(Collected data entries)
============================================================
lemma leading_pos_eqI:
  assumes "w p \<noteq> 0" and "\<forall>i>p. w i = 0"
  shows "leading_pos w = p"
proof -
  have sub: "{i. w i \<noteq> 0} \<subseteq> {..p}" using assms(2) by (auto simp: not_le[symmetric])
  hence "finite {i. w i \<noteq> 0}" by (rule finite_subset) simp
  thus ?thesis unfolding leading_pos_def by (rule Max_eqI) (use sub assms(1) in auto)
qed

lemma in_vecs_support: "in_vecs n w \<Longrightarrow> {i. w i \<noteq> 0} \<subseteq> {1..n}"
proof
  fix i assume "in_vecs n w" and "i \<in> {i. w i \<noteq> 0}"
  hence "\<not> (i = 0 \<or> n < i)" unfolding in_vecs_def by blast
  thus "i \<in> {1..n}" by auto
qed

lemma leading_pos_nonzero:
  assumes "in_vecs n w" and "w \<noteq> (\<lambda>_. 0)"
  shows "w (leading_pos w) \<noteq> 0" and "\<forall>i>leading_pos w. w i = 0" and "leading_pos w \<in> {1..n}"
proof -
  have fin: "finite {i. w i \<noteq> 0}" using in_vecs_support[OF assms(1)] finite_subset by blast
  have "{i. w i \<noteq> 0} \<noteq> {}" using assms(2) by auto
  hence mem: "leading_pos w \<in> {i. w i \<noteq> 0}" unfolding leading_pos_def using Max_in fin by blast
  thus "w (leading_pos w) \<noteq> 0" by simp
  show "\<forall>i>leading_pos w. w i = 0"
    using Max_ge[OF fin] unfolding leading_pos_def by (auto simp: not_le[symmetric])
  show "leading_pos w \<in> {1..n}" using mem in_vecs_support[OF assms(1)] by blast
qed

lemma rowspanI: "v = (\<lambda>i. \<Sum>r=1..k. c r * R r i) \<Longrightarrow> v \<in> rowspan k R"
  unfolding rowspan_def by blast
lemma long_walks_excess:
  fixes n m k u L0 :: nat and \<rho> \<delta> :: real
  assumes k: "k \<ge> 1" and C0: "card (configs n m k) > 0" and u1: "u \<ge> 1"
    and rho: "real m * (real k * (real k - 1) / real n)
        \<le> \<rho>" and r0: "0 < \<rho>" and r1: "\<rho> < 1"
    and d: "\<delta> > 0"
  defines "Q \<equiv> {p\<in>seed_walks u m n. \<not> length (snd p) \<le> L0}"
  shows "real (card {G\<in>configs n m k. walk_count G Q \<ge> \<delta> * real u}) / real (card (configs n m k))
       \<le> \<rho> ^ (L0 + 1) / ((1 - \<rho>) * \<delta>)"
proof -
  let ?C = "configs n m k" and ?A = "{G\<in>configs n m k. walk_count G Q \<ge> \<delta> * real u}"
  define t where "t = \<rho> ^ (L0 + 1) / (1 - \<rho>)"
  have ru: "real u > 0" using u1 by simp
  have "real (card ?A) * (\<delta> * real u) \<le> (\<Sum>G\<in>?C. walk_count G Q)"
    by (rule markov_count[OF configs_finite]) (use d ru in \<open>auto simp: walk_count_def intro!: sum_nonneg\<close>)
  also have "\<dots> = real (card ?C) * (\<Sum>q\<in>Q. walk_prob n k (fst q) (snd q))"
    by (rule sum_walk_count[where u=u]) (simp add: Q_def)
  also have "\<dots> \<le> real (card ?C) * (real u * t)"
    unfolding Q_def t_def by (intro mult_left_mono sum_long_walk_prob_le[OF k rho r0 r1]) simp
  finally have "real (card ?A) \<le> real (card ?C) * (real u * t) / (\<delta> * real u)"
    using d ru by (simp add: le_divide_eq)
  also have "\<dots> = (t / \<delta>) * real (card ?C)" using ru by simp
  finally show ?thesis unfolding t_def using C0
    by (simp add: divide_divide_eq_left pos_divide_le_eq)
qed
============================================================
What you have to do
Search the data above for the string "finally" and return every line that has it.

Task result
  finally have "real (card ?A) \<le> real (card ?C) * (real u * t) / (\<delta> * real u)"
  finally show ?thesis unfolding t_def using C0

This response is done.